Richard Moore, Ph.D.

Deputy Director, San Diego Supercomputer Center

Industrial Engagement in the "New Normal"

As one outcome of a strategic planning process, the San Diego Supercomputer Center decided in 2008 to place an increased emphasis on its industrial engagement program. Unfortunately, the timing coincided with the emergence of the worst financial downturn since the Great Depression. Companies hunkered down and put severe restrictions on virtually all new or discretionary spending. It was not the ideal time to develop new university-industry partnerships. However, during this time it became clear that companies would spend where necessary to achieve their business objectives, whether through developing innovative technology or operating more efficiently. Recognizing this, SDSC focused on tactical, project-specific engagements where there was a clear connection to meeting the industrial partner's business need. Potential partners were approached more as customers than funding agencies, which proved to be a successful formula for getting projects started and building relationships. Projects accomplished during this timeframe ranged from researching computer architectures for real-time visualization of massive volumetric data sets, to providing HPC capacity for a major civil engineering project, to computing and storage services for next-generation sequencing. Key success factors in our approach included the "customer-centric" view, a "delivery-oriented" mindset, and responsiveness to the industry partner's needs and timelines.

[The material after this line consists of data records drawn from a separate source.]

text \<open>Extension when K is not Boolean: rescaling w0 produces an element where f exceeds 1,
  so the set where f stays below 1 has a supremum y0 that is not the greatest element,
  and the gauge functional of y0 extends f.\<close>

lemma extension_nonboolean:
  assumes k0: "\<not> leK k0 oneK" and W: "b_subspace addV smul W" and f: "a_linear W f"
    and w0: "w0 \<in> W" "c \<in> f w0" "c \<noteq> zeroK"
  shows "\<exists>g. a_linear UNIV g \<and> (\<forall>x\<in>W. g x = f x)"
proof -
  have lin: "linear_functional addK mulK addV smul W f"
    using f by (simp add: a_linear_functional_def b_linear_functional_def)
  have W_smul: "\<And>k w. w \<in> W \<Longrightarrow> smul k w \<in> W"
    using W by (simp add: b_subspace_def)
  define w1 where "w1 = smul (mulK k0 (invK c)) w0"
  have "oneK \<notin> upK (f w1)"
    using lin w0 k0 by (simp add: w1_def linear_functional_def upK_khat_act)
      (metis invK mulK_assoc one_r)
  then obtain y0 where ng: "\<not> leV w1 y0" and y0: "\<forall>w\<in>W. leV w y0 \<longleftrightarrow> oneK \<in> upK (f w)"
    using sublevel_sup[OF W f W_smul[OF w0(1)]] w1_def by blast
  have "\<not> is_greatest leV UNIV y0"
    using ng by (auto simp: is_greatest_def)
  then show ?thesis
    using a_linear_gauge gauge_agrees[OF k0 lin W_smul y0] by blast
qed

text \<open>The extension theorem: the zero functional extends f if f vanishes on W; otherwise
  a nonzero value of f is available for the two constructions above.\<close>

lemma extension:
  assumes W: "b_subspace addV smul W" and f: "a_linear W f"
  shows "\<exists>g. a_linear UNIV g \<and> (\<forall>x\<in>W. g x = f x)"
proof (cases "\<forall>w\<in>W. f w = {zeroK}")
  case True
  then show ?thesis using a_linear_zero by auto
next
  case False
  then obtain w0 where w0: "w0 \<in> W" "f w0 \<noteq> {zeroK}" by blast
  moreover have "zeroK \<in> f w0"
    using f w0(1) zero_in_cut
    by (simp add: a_linear_functional_def b_linear_functional_def linear_functional_def)
  ultimately obtain c where c: "c \<in> f w0" "c \<noteq> zeroK" by blast
  show ?thesis
  proof (cases "\<forall>k. leK k oneK")
    case True
    then show ?thesis using extension_boolean[OF _ W f w0(1) c] by blast
  next
    case False
    then show ?thesis using extension_nonboolean[OF _ W f w0(1) c] by blast
  qed
qed

end

theorem theorem7p3:
  fixes addK mulK :: "'k \<Rightarrow> 'k \<Rightarrow> 'k" and zeroK oneK :: 'k
    and addV :: "'v \<Rightarrow> 'v \<Rightarrow> 'v" and smul :: "'k \<Rightarrow> 'v \<Rightarrow> 'v"
  assumes K: "b_complete_semiring addK mulK zeroK oneK"
    and SF: "semifield mulK zeroK oneK"
    and V: "b_space addK mulK zeroK oneK addV smul"
  shows "(\<forall>W f. b_subspace addV smul W \<longrightarrow> a_linear_functional addK mulK addV smul W f \<longrightarrow>
            (\<exists>g. a_linear_functional addK mulK addV smul UNIV g \<and> (\<forall>x\<in>W. g x = f x)))
       \<and> (\<forall>x y. x \<noteq> y \<longrightarrow>
            (\<exists>f. a_linear_functional addK mulK addV smul UNIV f \<and> f x \<noteq> f y))"
proof -
  interpret idem_b_space addK mulK zeroK oneK addV smul
    using K SF V by unfold_locales
  show ?thesis using extension separate by blast
qed

end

Working with industry in this way is not without its challenges. Projects requiring precisely defined outcomes or deliverables can necessitate a different mindset than grant-funded research, and reacting to industry timelines can be challenging for academic organizations as companies tend to call "when they need it yesterday." Commercial software licenses can be a particular challenge with which we have had mixed results. Despite the challenges, SDSC has developed a number of successful projects and partnerships over the last three years, assisting companies and other organizations to achieve their business goals in a difficult environment, laying the groundwork for longer-term relationships, and demonstrating the economic and technological impacts of HPC centers to the commercial sector. In this presentation, we will describe in more detail the key success factors and hurdles to HPC academic/industrial engagement programs in this "new normal" business environment, as well as successful examples of HPC for industry applications.

Biography

Dr. Richard Moore has been with the San Diego Supercomputer Center since 2002, and is currently the center's Deputy Director and the Principal Investigator of SDSC's TeraGrid award to operate high-performance compute and storage resources for the national open-science user community. Dr. Moore previously held the position of Executive Director for NPACI, the National Partnership for Advanced Computational Infrastructure. Prior to SDSC, Dr. Moore worked in the aerospace industry for 20 years, including positions at the Aerospace Corporation and Photon Research Associates. He received his Bachelors degree in Astronomy and Mathematics from the University of Michigan and his PhD in Astronomy from the University of Arizona, and had a postdoc position in Radio Astronomy at Caltech.